Furthermore, the parameters of shale such as the elastic modulus are greatly influenced by temperature changes; the elastic moduli of rock above and below 2900 meters are different. In order to facilitate the calculation, the same value is adopted in the present study, which led to the deviation of the predicted value in the strata over 2900 meters.

##### 3.3. The Effect of Water Content on Fracture Pressure

Combining the fitting formula of tensile strength and water contents in Figure 4 with (23), the relation diagram of rock fracture pressure and water contents is obtained (see Figure 6).

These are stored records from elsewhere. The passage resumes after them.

(* Let $N\ge 2$. (Complex case.) Let $R$ be an $N\times N$ complex correlation matrix (Hermitian positive definite with unit diagonal), with Cholesky factorisation $R=LL^*$, $L$ lower triangular with positive diagonal, and let $\theta_{jp}\in(0,\pi)$ ($2\le j\le N$, $1\le p\le 2j-2$) be the angles with $$l_{jk}=\left(\cos\theta_{j,2k-1}+i\cos\theta_{j,2k}\sin\theta_{j,2k-1}\right)\prod_{p=1}^{2k-2}\sin\theta_{jp}\ (1\le k\le j-1),\qquad l_{jj}=\prod_{p=1}^{2j-2}\sin\theta_{jp}.$$ For $1\le k<j\le N$, let $R_{11}$ be the leading $(k-1)\times(k-1)$ principal block of $R$, $R/R_{11}=R_{22}-R_{21}R_{11}^{-1}R_{12}$ the Schur complement (indexed by $k,\dots,N$; equal to $R$ if $k=1$), and $\rho_{jk|\{1,\dots,k-1\}}=(R/R_{11})_{jk}\big/\big((R/R_{11})_{jj}(R/R_{11})_{kk}\big)^{1/2}$. Then $$\rho_{jk|\{1,\dots,k-1\}}=\cos\theta_{j,2k-1}+i\cos\theta_{j,2k}\sin\theta_{j,2k-1}.$$ (Quaternion case.) Let $R$ be an $N\times N$ quaternion correlation matrix, i.e. a $2N\times2N$ complex Hermitian positive definite matrix composed of $2\times 2$ blocks of the form $\begin{bmatrix}z&w\\-\bar w&\bar z\end{bmatrix}$ with diagonal blocks $I_2$, with block Cholesky factorisation $R=LL^*$, $L$ block lower triangular of the same block form with diagonal blocks $l_{jj}I_2$, $l_{jj}>0$. For an off-diagonal block $l_{jk}$ with parameters $(z,w)$ write $l^{(1)}_{jk}=\mathrm{Re}\,z$, $l^{(2)}_{jk}=\mathrm{Im}\,z$, $l^{(3)}_{jk}=\mathrm{Re}\,w$, $l^{(4)}_{jk}=\mathrm{Im}\,w$, and let $\theta_{jp}\in(0,\pi)$ ($2\le j\le N$, $1\le p\le 4j-4$) be the angles with $$l_{jk}^{(s)}=\cos\theta_{j,4(k-1)+s}\left(\prod_{m=1}^{s-1}\sin\theta_{j,4(k-1)+m}\right)\prod_{p=1}^{4(k-1)}\sin\theta_{jp}\ (1\le k\le j-1,\,1\le s\le4),\qquad l_{jj}=\prod_{p=1}^{4(j-1)}\sin\theta_{jp}.$$ For $1\le k<j\le N$ define the $2\times2$ block $\rho_{jk|\{1,\dots,k-1\}}=(R/R_{11})_{jk}\big/\big((R/R_{11})_{jj}(R/R_{11})_{kk}\big)^{1/2}$, where $R_{11}$ is the leading $2(k-1)\times2(k-1)$ principal block, $(R/R_{11})_{jk}$ denotes the $(j,k)$ $2\times2$ block of the Schur complement $R/R_{11}$, and the diagonal blocks $(R/R_{11})_{jj}$, $(R/R_{11})_{kk}$ are positive scalar multiples of $I_2$ (identified with those scalars). Then $$\rho_{jk|\{1,\dots,k-1\}}=\begin{bmatrix}z_{jk}&w_{jk}\\-\bar w_{jk}&\bar z_{jk}\end{bmatrix},$$ with $z_{jk}=\cos\theta_{j,4k-3}+i\cos\theta_{j,4k-2}\sin\theta_{j,4k-3}$ and $w_{jk}=\left(\cos\theta_{j,4k-1}+i\cos\theta_{j,4k}\sin\theta_{j,4k-1}\right)\sin\theta_{j,4k-3}\sin\theta_{j,4k-2}$.
   Context: Empty products equal $1$; $L^*$ denotes conjugate transpose. The angles in each row are uniquely determined since each row of real coordinates of $L$ is a unit vector with positive last coordinate $l_{jj}$. *)

theory Defs
  imports "Jordan_Normal_Form.Schur_Decomposition"
begin

text \<open>Matrices are Jordan_Normal_Form matrices with 0-based indices;
  the paper's 1-based entry (j,k) is entry (j-1,k-1).\<close>

definition hermitian_mat :: "complex mat \<Rightarrow> bool" where
  "hermitian_mat A \<longleftrightarrow> dim_row A = dim_col A \<and> mat_adjoint A = A"

definition pos_def_mat :: "complex mat \<Rightarrow> bool" where
  "pos_def_mat A \<longleftrightarrow> hermitian_mat A \<and>
     (\<forall>x :: nat \<Rightarrow> complex. (\<exists>i < dim_row A. x i \<noteq> 0) \<longrightarrow>
        (let q = (\<Sum>i<dim_row A. \<Sum>j<dim_row A. cnj (x i) * A $$ (i, j) * x j)
         in q \<in> \<real> \<and> 0 < Re q))"

definition inv_mat :: "complex mat \<Rightarrow> complex mat" where
  "inv_mat A = (SOME B. B \<in> carrier_mat (dim_row A) (dim_row A) \<and>
       A * B = 1\<^sub>m (dim_row A) \<and> B * A = 1\<^sub>m (dim_row A))"

text \<open>Schur complement R/R11 of the leading m x m principal block R11 of an
  n x n matrix A (indexed from 0, i.e. its (i,j) entry corresponds to the
  (m+i, m+j) entry of A).  For m = 0 it equals A.\<close>
definition schur_compl :: "complex mat \<Rightarrow> nat \<Rightarrow> complex mat" where
  "schur_compl A m =
    (let n = dim_row A;
         A11 = mat m m (\<lambda>(a, b). A $$ (a, b));
         A12 = mat m (n - m) (\<lambda>(a, b). A $$ (a, m + b));
         A21 = mat (n - m) m (\<lambda>(a, b). A $$ (m + a, b));
         A22 = mat (n - m) (n - m) (\<lambda>(a, b). A $$ (m + a, m + b))
     in A22 - A21 * inv_mat A11 * A12)"

definition quat_block_form :: "complex mat \<Rightarrow> nat \<Rightarrow> bool" where
  "quat_block_form A n \<longleftrightarrow> A \<in> carrier_mat (2 * n) (2 * n) \<and>
     (\<forall>a < n. \<forall>b < n. A $$ (2 * a + 1, 2 * b) = - cnj (A $$ (2 * a, 2 * b + 1)) \<and>
                       A $$ (2 * a + 1, 2 * b + 1) = cnj (A $$ (2 * a, 2 * b)))"

text \<open>Real coordinates l^(s)_{jk} (s = 1..4, paper's 1-based block indices j, k)
  of the block (j,k) with parameters (z,w): Re z, Im z, Re w, Im w.\<close>
definition qcoord :: "complex mat \<Rightarrow> nat \<Rightarrow> nat \<Rightarrow> nat \<Rightarrow> real" where
  "qcoord L j k s =
     (if s = 1 then Re (L $$ (2 * (j - 1), 2 * (k - 1)))
      else if s = 2 then Im (L $$ (2 * (j - 1), 2 * (k - 1)))
      else if s = 3 then Re (L $$ (2 * (j - 1), 2 * (k - 1) + 1))
      else Im (L $$ (2 * (j - 1), 2 * (k - 1) + 1)))"

end

theory Submission
  imports Defs
begin

text \<open>If \<open>R = L L\<^sup>*\<close> with \<open>L\<close> lower triangular, the Schur complement of the leading
  \<open>m \<times> m\<close> block of \<open>R\<close> is \<open>L\<^sub>2\<^sub>2 L\<^sub>2\<^sub>2\<^sup>*\<close>, where \<open>L\<^sub>2\<^sub>2\<close> is the trailing block of \<open>L\<close>.
  Hence its first column is the corresponding column of \<open>L\<close> times the pivot, and its diagonal
  entries are the squared norms of the row tails of \<open>L\<close>, so a partial correlation is an entry of
  \<open>L\<close> divided by the norm of the tail of its row.  In the angle parametrisation the real
  coordinates of a row of \<open>L\<close> are spherical coordinates, and the tail after the first \<open>q\<close>
  coordinates has norm \<open>sin \<theta>\<^sub>j\<^sub>1 \<cdots> sin \<theta>\<^sub>j\<^sub>q\<close>; dividing by this product gives the claimed
  expressions.  The quaternion case is the same computation on \<open>2 \<times> 2\<close> blocks.\<close>

lemma index_mat_adjoint [simp]:
  "i < dim_col A \<Longrightarrow> j < dim_row A \<Longrightarrow> mat_adjoint A $$ (i, j) = cnj (A $$ (j, i))"
  and dim_mat_adjoint [simp]:
  "dim_row (mat_adjoint A) = dim_col A" "dim_col (mat_adjoint A) = dim_row A"
  by (auto simp: mat_adjoint_def mat_of_rows_def)

lemma mat_adjoint_carrier_mat:
  "(A :: complex mat) \<in> carrier_mat n m \<Longrightarrow> mat_adjoint A \<in> carrier_mat m n"
  unfolding carrier_mat_def by simp

lemma index_mult_mat_adjoint:
  assumes "i < dim_row A" "j < dim_row B" "dim_col A = dim_col B"
  shows "(A * mat_adjoint B) $$ (i, j) = (\<Sum>c<dim_col A. A $$ (i, c) * cnj (B $$ (j, c)))"
  using assms by (auto simp: scalar_prod_def lessThan_atLeast0 intro!: sum.cong)

lemma inv_mat_inverse:
  assumes A: "A \<in> carrier_mat n n" and det: "det A \<noteq> 0"
  shows "inv_mat A \<in> carrier_mat n n" "A * inv_mat A = 1\<^sub>m n" "inv_mat A * A = 1\<^sub>m n"
proof -
  define inverse where "inverse B \<longleftrightarrow> B \<in> carrier_mat n n \<and> A * B = 1\<^sub>m n \<and> B * A = 1\<^sub>m n" for B
  have "\<exists>B. inverse B"
    using det_non_zero_imp_unit[OF A det, of undefined] by (auto simp: Units_def ring_mat_def inverse_def)
  moreover have "inv_mat A = (SOME B. inverse B)"
    using A unfolding inv_mat_def inverse_def by simp
  ultimately have "inverse (inv_mat A)"
    using someI_ex by metis
  then show "inv_mat A \<in> carrier_mat n n" "A * inv_mat A = 1\<^sub>m n" "inv_mat A * A = 1\<^sub>m n"
    unfolding inverse_def by blast+
qed

definition lower_triangular :: "'a :: zero mat \<Rightarrow> bool" where
  "lower_triangular A \<longleftrightarrow> (\<forall>i < dim_row A. \<forall>j < dim_col A. i < j \<longrightarrow> A $$ (i, j) = 0)"

lemma det_lower_triangular_nonzero:
  fixes A :: "complex mat"
  assumes A: "A \<in> carrier_mat n n" and lt: "lower_triangular A" and dg: "\<forall>i < n. A $$ (i, i) \<noteq> 0"
  shows "det A \<noteq> 0" "det (mat_adjoint A) \<noteq> 0"
proof -
  have A': "mat_adjoint A \<in> carrier_mat n n" using A by (rule mat_adjoint_carrier_mat)
  have "det A = prod_list (diag_mat A)"
    using lt A by (intro det_lower_triangular[OF _ A]) (auto simp: lower_triangular_def)
  moreover have "0 \<notin> set (diag_mat A)"
    using dg A by (auto simp: diag_mat_def)
  ultimately show "det A \<noteq> 0" by (simp add: prod_list_zero_iff)
  have "upper_triangular (mat_adjoint A)"
    using lt A unfolding upper_triangular_def lower_triangular_def by auto
  then have "det (mat_adjoint A) = prod_list (diag_mat (mat_adjoint A))"
    by (rule det_upper_triangular[OF _ A'])
  moreover have "0 \<notin> set (diag_mat (mat_adjoint A))"
    using dg A by (auto simp: diag_mat_def)
  ultimately show "det (mat_adjoint A) \<noteq> 0" by (metis prod_list_zero_iff)
qed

From Figure 6, we can see that the fracture pressure decreases with the increase of water contents. This is because water can soften the rock and change the mechanical properties of rock by hydration. Specifically, when the drilling fluid meets the clay minerals and micro cracks, the hydration effect will make the pore increase and loosen the internal structure of the rock, result in the propagation of the micro crack, and finally decrease the mechanical properties of rock. With the increase of water contents, the compressive strength and tensile strength of rock reduce and then it leads to the decrease of fracture pressure.

#### 4. Conclusions

(1) Based on the theory of double effective stress of porous medium, elastoplastic mechanics, rock mechanics, and the maximum tensile stress criterion, a comprehensive model to calculate the rock fracture pressure suited for different types of rocks is established in this paper.

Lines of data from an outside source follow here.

lemma sum_tuples_4_entries:
  fixes g :: "'a \<Rightarrow> 'a \<Rightarrow> 'a \<Rightarrow> 'a \<Rightarrow> real"
  assumes "finite W" "i < N" "j < N" "k < N" "k' < N" "distinct [i, j, k, k']"
  shows "(\<Sum>rs\<in>tuples W N. g (rs ! i) (rs ! j) (rs ! k) (rs ! k'))
           = real (card W ^ (N - 4)) * (\<Sum>w1\<in>W. \<Sum>w2\<in>W. \<Sum>w3\<in>W. \<Sum>w4\<in>W. g w1 w2 w3 w4)"
  using sum_tuples_entries[OF assms(1) assms(6), of N "\<lambda>ws. g (ws ! 0) (ws ! 1) (ws ! 2) (ws ! 3)"] assms
  by (simp add: numeral_eq_Suc sum_tuples_Suc tuples_0)

section \<open>The second moment method\<close>

lemma card_zeros_le:
  fixes f :: "'a \<Rightarrow> real"
  assumes "finite A" and "(\<Sum>x\<in>A. (f x)\<^sup>2) \<le> S"
  shows "real (card {x \<in> A. f x = 0}) \<le> real (card A) - (\<Sum>x\<in>A. f x)\<^sup>2 / S"
proof -
  define Z where "Z = real (card {x \<in> A. f x \<noteq> 0})"
  have "(\<Sum>x\<in>A. f x) = (\<Sum>x\<in>A. of_bool (f x \<noteq> 0) * f x)"
    by (intro sum.cong refl) auto
  then have "(\<Sum>x\<in>A. f x)\<^sup>2 \<le> (\<Sum>x\<in>A. (of_bool (f x \<noteq> 0))\<^sup>2) * (\<Sum>x\<in>A. (f x)\<^sup>2)"
    using Cauchy_Schwarz_ineq_sum[of "\<lambda>x. of_bool (f x \<noteq> 0) :: real" f A] by simp
  also have "(\<Sum>x\<in>A. (of_bool (f x \<noteq> 0) :: real)\<^sup>2) = (\<Sum>x\<in>A. of_bool (f x \<noteq> 0))"
    by (intro sum.cong refl) simp
  also have "\<dots> = Z"
    unfolding Z_def using assms by (simp add: Int_def conj_commute)
  also have "Z * (\<Sum>x\<in>A. (f x)\<^sup>2) \<le> Z * S"
    using assms(2) by (simp add: Z_def mult_left_mono)
  finally have CS: "(\<Sum>x\<in>A. f x)\<^sup>2 \<le> Z * S" .
  have "(\<Sum>x\<in>A. f x)\<^sup>2 / S \<le> Z"
  proof (cases "S > 0")
    case True
    with CS show ?thesis by (simp add: divide_le_eq)
  next
    case False
    then have "(\<Sum>x\<in>A. f x)\<^sup>2 / S \<le> 0" by (simp add: divide_nonneg_nonpos)
    then show ?thesis by (simp add: Z_def)
  qed
  moreover have "card A = card {x \<in> A. f x = 0} + card {x \<in> A. f x \<noteq> 0}"
  proof -
    have "A = {x \<in> A. f x = 0} \<union> {x \<in> A. f x \<noteq> 0}" by auto
    also have "card \<dots> = card {x \<in> A. f x = 0} + card {x \<in> A. f x \<noteq> 0}"
      by (rule card_Un_disjoint) (use assms in auto)
    finally show ?thesis .
  qed
  ultimately show ?thesis unfolding Z_def by linarith
qed

lemma diff_sq_div_le:
  fixes \<Omega> F A B M :: real
  assumes "0 \<le> A" "0 < B" "0 < F" "0 \<le> \<Omega>" and M: "M\<^sup>2 = \<Omega> * (F * B)"
  shows "\<Omega> - M\<^sup>2 / (F * (A + B)) \<le> \<Omega> * (A / B)"
proof -
  have AB: "A + B > 0" using assms by simp
  have "M\<^sup>2 / (F * (A + B)) = \<Omega> * (B / (A + B))"
    using assms(3) by (simp add: M)
  moreover have "A / (A + B) + B / (A + B) = 1"
    using AB by (simp add: add_divide_distrib[symmetric])
  ultimately have "\<Omega> - M\<^sup>2 / (F * (A + B)) = \<Omega> * (A / (A + B) + B / (A + B)) - \<Omega> * (B / (A + B))"
    by simp
  also have "\<dots> = \<Omega> * (A / (A + B))"
    by (simp add: distrib_left)
  also have "\<dots> \<le> \<Omega> * (A / B)"
    using assms by (intro mult_left_mono divide_left_mono) auto
  finally show ?thesis .
qed

text \<open>For a relation of bounded degree, the number of arcs between the two halves of a random
  \<open>N\<close>-tuple of elements of \<open>W\<close> has a small second moment, which bounds the probability that
  the tuple spans no arc at all.\<close>
locale bounded_degree_relation =
  fixes W :: "'a set" and adj :: "'a \<Rightarrow> 'a \<Rightarrow> bool" and L :: real
  assumes finite_W: "finite W"
    and out_degree_le: "\<And>w. w \<in> W \<Longrightarrow> real (card {w' \<in> W. adj w w'}) \<le> L"
    and in_degree_le: "\<And>w'. w' \<in> W \<Longrightarrow> real (card {w \<in> W. adj w w'}) \<le> L"
begin

definition arc_weight :: "'a \<Rightarrow> 'a \<Rightarrow> real" where
  "arc_weight w w' = of_bool (adj w w')"

definition arc_count :: real where
  "arc_count = (\<Sum>w\<in>W. \<Sum>w'\<in>W. arc_weight w w')"

lemma arc_weight_nonneg: "arc_weight w w' \<ge> 0"
  by (simp add: arc_weight_def)

lemma arc_weight_mult_self [simp]: "arc_weight w w' * arc_weight w w' = arc_weight w w'"
  by (simp add: arc_weight_def)

lemma arc_count_nonneg: "arc_count \<ge> 0"
  unfolding arc_count_def by (intro sum_nonneg arc_weight_nonneg)

lemma sum_arc_weight_out_le: "w \<in> W \<Longrightarrow> (\<Sum>w'\<in>W. arc_weight w w') \<le> L"
  using out_degree_le finite_W by (simp add: arc_weight_def Int_def conj_commute)

lemma sum_arc_weight_in_le: "w' \<in> W \<Longrightarrow> (\<Sum>w\<in>W. arc_weight w w') \<le> L"
  using in_degree_le finite_W by (simp add: arc_weight_def Int_def conj_commute)

lemma degree_bound_nonneg: "W \<noteq> {} \<Longrightarrow> L \<ge> 0"
  using sum_arc_weight_out_le sum_nonneg[of W] arc_weight_nonneg by (meson ex_in_conv order_trans)

lemma sum_tuples_arc:
  assumes "i < N" "j < N" "i \<noteq> j"
  shows "(\<Sum>rs\<in>tuples W N. arc_weight (rs ! i) (rs ! j)) = real (card W) ^ (N - 2) * arc_count"
  using sum_tuples_2_entries[OF finite_W assms] by (simp add: arc_count_def)

lemma sum_tuples_arcs_common_source_le:
  assumes "i < N" "j < N" "j' < N" "distinct [i, j, j']"
  shows "(\<Sum>rs\<in>tuples W N. arc_weight (rs ! i) (rs ! j) * arc_weight (rs ! i) (rs ! j'))
           \<le> real (card W) ^ (N - 3) * (L * arc_count)"
proof -
  have "(\<Sum>rs\<in>tuples W N. arc_weight (rs ! i) (rs ! j) * arc_weight (rs ! i) (rs ! j'))
      = real (card W) ^ (N - 3) * (\<Sum>w\<in>W. (\<Sum>w'\<in>W. arc_weight w w') * (\<Sum>w''\<in>W. arc_weight w w''))"
    using sum_tuples_3_entries[OF finite_W assms, of "\<lambda>a b c. arc_weight a b * arc_weight a c"]
    by (simp add: sum_product)
  also have "(\<Sum>w\<in>W. (\<Sum>w'\<in>W. arc_weight w w') * (\<Sum>w''\<in>W. arc_weight w w'')) \<le> (\<Sum>w\<in>W. L * (\<Sum>w''\<in>W. arc_weight w w''))"
    by (intro sum_mono mult_right_mono sum_arc_weight_out_le sum_nonneg arc_weight_nonneg)
  finally show ?thesis
    by (simp add: arc_count_def sum_distrib_left mult_left_mono)
qed

lemma sum_tuples_arcs_common_target_le:
  assumes "i < N" "i' < N" "j < N" "distinct [i, i', j]"
  shows "(\<Sum>rs\<in>tuples W N. arc_weight (rs ! i) (rs ! j) * arc_weight (rs ! i') (rs ! j))
           \<le> real (card W) ^ (N - 3) * (L * arc_count)"
proof -
  have "(\<Sum>rs\<in>tuples W N. arc_weight (rs ! i) (rs ! j) * arc_weight (rs ! i') (rs ! j))
      = real (card W) ^ (N - 3) * (\<Sum>w\<in>W. \<Sum>w'\<in>W. \<Sum>w''\<in>W. arc_weight w w'' * arc_weight w' w'')"
    using sum_tuples_3_entries[OF finite_W assms, of "\<lambda>a b c. arc_weight a c * arc_weight b c"] by simp
  also have "(\<Sum>w\<in>W. \<Sum>w'\<in>W. \<Sum>w''\<in>W. arc_weight w w'' * arc_weight w' w'')
      = (\<Sum>w\<in>W. \<Sum>w''\<in>W. \<Sum>w'\<in>W. arc_weight w w'' * arc_weight w' w'')"
    by (rule sum.cong[OF refl]) (rule sum.swap)
  also have "\<dots> = (\<Sum>w''\<in>W. \<Sum>w\<in>W. \<Sum>w'\<in>W. arc_weight w w'' * arc_weight w' w'')"
    by (rule sum.swap)
  also have "\<dots> = (\<Sum>w''\<in>W. (\<Sum>w\<in>W. arc_weight w w'') * (\<Sum>w'\<in>W. arc_weight w' w''))"
    by (simp add: sum_product)
  also have "\<dots> \<le> (\<Sum>w''\<in>W. L * (\<Sum>w'\<in>W. arc_weight w' w''))"
    by (intro sum_mono mult_right_mono sum_arc_weight_in_le sum_nonneg arc_weight_nonneg)
  also have "\<dots> = L * arc_count"
    unfolding arc_count_def sum_distrib_left[symmetric] by (subst sum.swap) (rule refl)
  finally show ?thesis by (simp add: mult_left_mono)
qed

lemma sum_tuples_disjoint_arcs:
  assumes "i < N" "j < N" "i' < N" "j' < N" "distinct [i, j, i', j']"
  shows "(\<Sum>rs\<in>tuples W N. arc_weight (rs ! i) (rs ! j) * arc_weight (rs ! i') (rs ! j'))
           = real (card W) ^ (N - 4) * arc_count\<^sup>2"
proof -
  have "arc_count\<^sup>2 = (\<Sum>w1\<in>W. \<Sum>w2\<in>W. arc_weight w1 w2 * arc_count)"
    unfolding power2_eq_square by (simp add: arc_count_def sum_distrib_right)
  also have "\<dots> = (\<Sum>w1\<in>W. \<Sum>w2\<in>W. \<Sum>w3\<in>W. \<Sum>w4\<in>W. arc_weight w1 w2 * arc_weight w3 w4)"
    by (simp add: arc_count_def sum_distrib_left)
  finally show ?thesis
    using sum_tuples_4_entries[OF finite_W assms, of "\<lambda>a b c d. arc_weight a b * arc_weight c d"] by simp
qed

(2) The fracture pressure model proposed in this paper takes into account the important effective factors: the crustal stress, the hydration stress, the temperature stress, the tectonic stress, the contact porosity of rock skeleton, the porosity of formation, and additional stress generated by seepage of drilling fluid. The calculation accuracy is improved for the prediction error which is 4.39%, which shows better agreement with the measured fracture pressure than other models.

(3) The effects of water contents on the tensile strength and fracture pressure are analyzed. Results show that both the tensile strength and fracture pressure decrease with the increase of water contents, which is due to the reduction of the mechanical properties of rocks by hydration.

#### Data Availability

The data used to support the findings of this study are available from the corresponding author upon request.

#### Conflicts of Interest

The authors declare that there are no conflicts of interest regarding the publication of this paper.

#### Acknowledgments

The present work is supported by the National Science Foundation of China under Grants Nos. 51674200, 51704233, and 51704237. Thanks are due to my daughter Xu Enyu especially.